(Records contained in a dataset)

--- --- ---

lemma dirD_dirD_rayX_diff:
  fixes u v :: "real^2"
  assumes u: "norm u = 1" and v: "norm v = 1"
    and a: "C2_gradient a A" and b: "C1_gradient b B"
    and supp: "\<forall>y. R < norm y \<longrightarrow> a y = 0 \<and> b y = 0"
  shows "dirD u (dirD v (\<lambda>x. - rayX u a x + rayX v b x)) x = A x \<bullet> v - B x \<bullet> u"
proof -
  have a1: "C1_gradient a A"
    using a by (simp add: C2_gradient_def)
  obtain K where K: "C1_gradient (\<lambda>y. A y \<bullet> v) K"
    using a by (auto simp: C2_gradient_def)
  have a_supp: "\<forall>y. R < norm y \<longrightarrow> a y = 0" and b_supp: "\<forall>y. R < norm y \<longrightarrow> b y = 0"
    using supp by auto
  have "A y = 0" if "R < norm y" for y
    using a1 that by (intro gradient_eq_0_outside_cball[OF _ a_supp]) (auto simp: C1_gradient_def)
  then have Av_supp: "\<forall>y. R < norm y \<longrightarrow> A y \<bullet> v = 0"
    by simp
  have DV: "dirD v (\<lambda>x. - rayX u a x + rayX v b x) = (\<lambda>y. - rayX u (\<lambda>z. A z \<bullet> v) y - b y)"
  proof
    fix y
    have "((\<lambda>x. - rayX u a x + rayX v b x) has_derivative
        (\<lambda>w. - rayX u (\<lambda>z. A z \<bullet> w) y + rayX v (\<lambda>z. B z \<bullet> w) y)) (at y)"
      by (intro has_derivative_add has_derivative_minus rayX_has_derivative[OF u a1 a_supp]
          rayX_has_derivative[OF v b b_supp])
    then show "dirD v (\<lambda>x. - rayX u a x + rayX v b x) y = - rayX u (\<lambda>z. A z \<bullet> v) y - b y"
      using rayX_derivative_along_ray[OF v _ b_supp, of B y] b by (simp add: dirD_eq C1_gradient_def)
  qed
  have "((\<lambda>y. - rayX u (\<lambda>z. A z \<bullet> v) y - b y) has_derivative
      (\<lambda>w. - rayX u (\<lambda>z. K z \<bullet> w) x - B x \<bullet> w)) (at x)"
    using b by (intro has_derivative_diff has_derivative_minus rayX_has_derivative[OF u K Av_supp])
      (simp add: C1_gradient_def)
  then have "dirD u (dirD v (\<lambda>x. - rayX u a x + rayX v b x)) x = - rayX u (\<lambda>z. K z \<bullet> u) x - B x \<bullet> u"
    unfolding DV by (rule dirD_eq)
  also have "rayX u (\<lambda>z. K z \<bullet> u) x = - (A x \<bullet> v)"
    using K by (intro rayX_derivative_along_ray[OF u _ Av_supp]) (simp add: C1_gradient_def)
  finally show ?thesis
    by simp
qed

lemma inner_perp: "y \<bullet> perp w = - w $ 2 * y $ 1 + w $ 1 * y $ 2"
  by (simp add: perp_def inner_2)

lemma divg_eq_gradient:
  assumes "((\<lambda>y. f y $ 1) has_derivative (\<lambda>w. G1 \<bullet> w)) (at x)"
    and "((\<lambda>y. f y $ 2) has_derivative (\<lambda>w. G2 \<bullet> w)) (at x)"
  shows "divg f x = G1 $ 1 + G2 $ 2"
  using assms by (simp add: divg_def frechet_derivative_at[symmetric] inner_axis)

lemma curl_free_iff_gradient:
  assumes "\<forall>x. ((\<lambda>y. f y $ 1) has_derivative (\<lambda>w. G1 x \<bullet> w)) (at x)"
    and "\<forall>x. ((\<lambda>y. f y $ 2) has_derivative (\<lambda>w. G2 x \<bullet> w)) (at x)"
  shows "curl_free f \<longleftrightarrow> (\<forall>x. G2 x $ 1 = G1 x $ 2)"
proof -
  have "frechet_derivative (\<lambda>y. f y $ 1) (at x) = (\<lambda>w. G1 x \<bullet> w)"
    and "frechet_derivative (\<lambda>y. f y $ 2) (at x) = (\<lambda>w. G2 x \<bullet> w)" for x
    using assms frechet_derivative_at by metis+
  then show ?thesis
    by (simp add: curl_free_def inner_axis)
qed

lemma divg_eq_dirD_dirD_TV:
  fixes u v :: "real^2" and f :: "real^2 \<Rightarrow> real^2"
  assumes u: "norm u = 1" and v: "norm v = 1" and det: "v$1 * u$2 - u$1 * v$2 \<noteq> 0"
    and f1: "C2c_on (ball 0 r) (\<lambda>x. f x $ 1)" and f2: "C2c_on (ball 0 r) (\<lambda>x. f x $ 2)"
  shows "divg f x = - (1 / (v$1 * u$2 - u$1 * v$2)) * dirD u (dirD v (TV u v f)) x"
proof -
  obtain G1 G2 where G1: "C2_gradient (\<lambda>x. f x $ 1) G1" and G2: "C2_gradient (\<lambda>x. f x $ 2) G2"
    using C2c_on_imp_C2_gradient[OF f1] C2c_on_imp_C2_gradient[OF f2] by metis
  have grad_perp: "C2_gradient (\<lambda>x. f x \<bullet> perp w) (\<lambda>x. (- w$2) *\<^sub>R G1 x + w$1 *\<^sub>R G2 x)" for w
    unfolding inner_perp by (rule C2_gradient_lincomb[OF G1 G2])
  have supp: "\<forall>y. r < norm y \<longrightarrow> f y \<bullet> perp u = 0 \<and> f y \<bullet> perp v = 0"
    using C2c_on_ball_eq_0[OF f1] C2c_on_ball_eq_0[OF f2] by (simp add: inner_perp)
  have TV: "TV u v f = (\<lambda>x. - rayX u (\<lambda>y. f y \<bullet> perp u) x + rayX v (\<lambda>y. f y \<bullet> perp v) x)"
    by (simp add: fun_eq_iff TV_def)
  have "dirD u (dirD v (TV u v f)) x
      = ((- u$2) *\<^sub>R G1 x + u$1 *\<^sub>R G2 x) \<bullet> v - ((- v$2) *\<^sub>R G1 x + v$1 *\<^sub>R G2 x) \<bullet> u"
    unfolding TV
    by (rule dirD_dirD_rayX_diff[OF u v grad_perp _ supp]) (use grad_perp in \<open>simp add: C2_gradient_def\<close>)
  moreover have "divg f x = G1 x $ 1 + G2 x $ 2"
    using G1 G2 by (intro divg_eq_gradient) (simp_all add: C2_gradient_def C1_gradient_def)
  ultimately show ?thesis
    using det by (simp add: inner_2 field_simps)
qed

definition vec_of_complex :: "complex \<Rightarrow> real^2" where
  "vec_of_complex z = vector [Re z, Im z]"

lemma vec_of_complex_nth [simp]: "vec_of_complex z $ 1 = Re z" "vec_of_complex z $ 2 = Im z"
  by (simp_all add: vec_of_complex_def)

lemma bounded_linear_vec_of_complex: "bounded_linear vec_of_complex"
  unfolding linear_conv_bounded_linear[symmetric]
  by (rule linearI) (simp_all add: vec_eq_iff forall_2)

lemma norm_vec_of_complex [simp]: "norm (vec_of_complex z) = norm z"
  by (simp add: norm_vec_def L2_set_def sum_2 cmod_def)

lemma div_free_curl_free_bounded_support_eq_0:
  fixes g P Q :: "real^2 \<Rightarrow> real^2"
  assumes P: "\<forall>x. ((\<lambda>y. g y $ 1) has_derivative (\<lambda>w. P x \<bullet> w)) (at x)"
    and Q: "\<forall>x. ((\<lambda>y. g y $ 2) has_derivative (\<lambda>w. Q x \<bullet> w)) (at x)"
    and div: "\<forall>x. divg g x = 0" and curl: "curl_free g"
    and supp: "\<forall>y. R < norm y \<longrightarrow> g y = 0"
  shows "g x = 0"
proof -
  have CR: "Q y $ 2 = - P y $ 1" "Q y $ 1 = P y $ 2" for y
  proof -
    have "divg g y = P y $ 1 + Q y $ 2"
      using P Q by (intro divg_eq_gradient) auto
    then show "Q y $ 2 = - P y $ 1"
      using div by simp
    show "Q y $ 1 = P y $ 2"
      using curl curl_free_iff_gradient[OF P Q] by simp
  qed
  \<comment> \<open>CR are precisely the Cauchy-Riemann equations for F.\<close>
  define F where "F z = complex_of_real (g (vec_of_complex z) $ 1) - \<i> * complex_of_real (g (vec_of_complex z) $ 2)" for z
  have "(F has_field_derivative Complex (P (vec_of_complex z) $ 1) (- P (vec_of_complex z) $ 2)) (at z)" for z
  proof -
    have lin: "(vec_of_complex has_derivative vec_of_complex) (at z)"
      by (rule bounded_linear_imp_has_derivative[OF bounded_linear_vec_of_complex])
    have "((\<lambda>z. g (vec_of_complex z) $ 1) has_derivative (\<lambda>w. P (vec_of_complex z) \<bullet> vec_of_complex w)) (at z)"
      and "((\<lambda>z. g (vec_of_complex z) $ 2) has_derivative (\<lambda>w. Q (vec_of_complex z) \<bullet> vec_of_complex w)) (at z)"
      using has_derivative_compose[OF lin P[rule_format]] has_derivative_compose[OF lin Q[rule_format]]
      by simp_all
    then have "(F has_derivative (\<lambda>w. complex_of_real (P (vec_of_complex z) \<bullet> vec_of_complex w)
        - \<i> * complex_of_real (Q (vec_of_complex z) \<bullet> vec_of_complex w))) (at z)"
      unfolding F_def by (intro has_derivative_diff has_derivative_mult_right has_derivative_of_real)
    moreover have "(\<lambda>w. complex_of_real (P (vec_of_complex z) \<bullet> vec_of_complex w)
        - \<i> * complex_of_real (Q (vec_of_complex z) \<bullet> vec_of_complex w))
        = (*) (Complex (P (vec_of_complex z) $ 1) (- P (vec_of_complex z) $ 2))"
      by (auto simp: fun_eq_iff complex_eq_iff inner_2 CR algebra_simps)
    ultimately show ?thesis
      by (simp add: has_field_derivative_def)
  qed
  then have "F holomorphic_on UNIV"
    unfolding holomorphic_on_def field_differentiable_def
    using has_field_derivative_at_within by blast
  moreover have "(F \<longlongrightarrow> 0) at_infinity"
  proof (rule tendsto_eventually)
    show "\<forall>\<^sub>F z in at_infinity. F z = 0"
      unfolding eventually_at_infinity F_def using supp
      by (intro exI[of _ "R + 1"]) auto
  qed
  ultimately have "F (Complex (x $ 1) (x $ 2)) = 0"
    by (rule Liouville_weak_0)
  moreover have "vec_of_complex (Complex (x $ 1) (x $ 2)) = x"
    by (simp add: vec_eq_iff forall_2)
  ultimately show ?thesis
    by (simp add: F_def complex_eq_iff vec_eq_iff forall_2)
qed

lemma curl_free_eq_if_divg_eq:
  fixes f g :: "real^2 \<Rightarrow> real^2"
  assumes f1: "C2c_on (ball 0 r) (\<lambda>x. f x $ 1)" and f2: "C2c_on (ball 0 r) (\<lambda>x. f x $ 2)"
    and g1: "C2c_on (ball 0 r) (\<lambda>x. g x $ 1)" and g2: "C2c_on (ball 0 r) (\<lambda>x. g x $ 2)"
    and curl_f: "curl_free f" and curl_g: "curl_free g" and div: "\<forall>x. divg f x = divg g x"
  shows "f = g"
proof -
  obtain F1 F2 G1 G2
    where "C2_gradient (\<lambda>x. f x $ 1) F1" "C2_gradient (\<lambda>x. f x $ 2) F2"
      and "C2_gradient (\<lambda>x. g x $ 1) G1" "C2_gradient (\<lambda>x. g x $ 2) G2"
    using C2c_on_imp_C2_gradient f1 f2 g1 g2 by metis
  then have F1: "\<forall>x. ((\<lambda>y. f y $ 1) has_derivative (\<lambda>w. F1 x \<bullet> w)) (at x)"
    and F2: "\<forall>x. ((\<lambda>y. f y $ 2) has_derivative (\<lambda>w. F2 x \<bullet> w)) (at x)"
    and G1: "\<forall>x. ((\<lambda>y. g y $ 1) has_derivative (\<lambda>w. G1 x \<bullet> w)) (at x)"
    and G2: "\<forall>x. ((\<lambda>y. g y $ 2) has_derivative (\<lambda>w. G2 x \<bullet> w)) (at x)"
    by (simp_all add: C2_gradient_def C1_gradient_def)
  define h where "h x = f x - g x" for x
  have H1: "\<forall>x. ((\<lambda>y. h y $ 1) has_derivative (\<lambda>w. (F1 x - G1 x) \<bullet> w)) (at x)"
    and H2: "\<forall>x. ((\<lambda>y. h y $ 2) has_derivative (\<lambda>w. (F2 x - G2 x) \<bullet> w)) (at x)"
    using F1 F2 G1 G2 by (auto simp: h_def inner_diff_left intro: has_derivative_diff)
  have "divg h x = divg f x - divg g x" for x
    using divg_eq_gradient[OF F1[rule_format] F2[rule_format]] divg_eq_gradient[OF G1[rule_format] G2[rule_format]]
      divg_eq_gradient[OF H1[rule_format] H2[rule_format]] by simp
  then have "\<forall>x. divg h x = 0"
    using div by simp
  moreover have "curl_free h"
    using curl_f curl_g curl_free_iff_gradient[OF F1 F2] curl_free_iff_gradient[OF G1 G2]
      curl_free_iff_gradient[OF H1 H2] by simp
  moreover have "\<forall>y. r < norm y \<longrightarrow> h y = 0"
    using C2c_on_ball_eq_0[OF f1] C2c_on_ball_eq_0[OF f2] C2c_on_ball_eq_0[OF g1] C2c_on_ball_eq_0[OF g2]
    by (simp add: h_def vec_eq_iff forall_2)
  ultimately have "h x = 0" for x
    by (rule div_free_curl_free_bounded_support_eq_0[OF H1 H2])
  then show ?thesis
    by (simp add: h_def fun_eq_iff)
qed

--- --- ---

I need each line of the entries that holds the string "metis" located and copied.

__FINISHED TASK__:
    using assms frechet_derivative_at by metis+
    using C2c_on_imp_C2_gradient[OF f1] C2c_on_imp_C2_gradient[OF f2] by metis
    using C2c_on_imp_C2_gradient f1 f2 g1 g2 by metis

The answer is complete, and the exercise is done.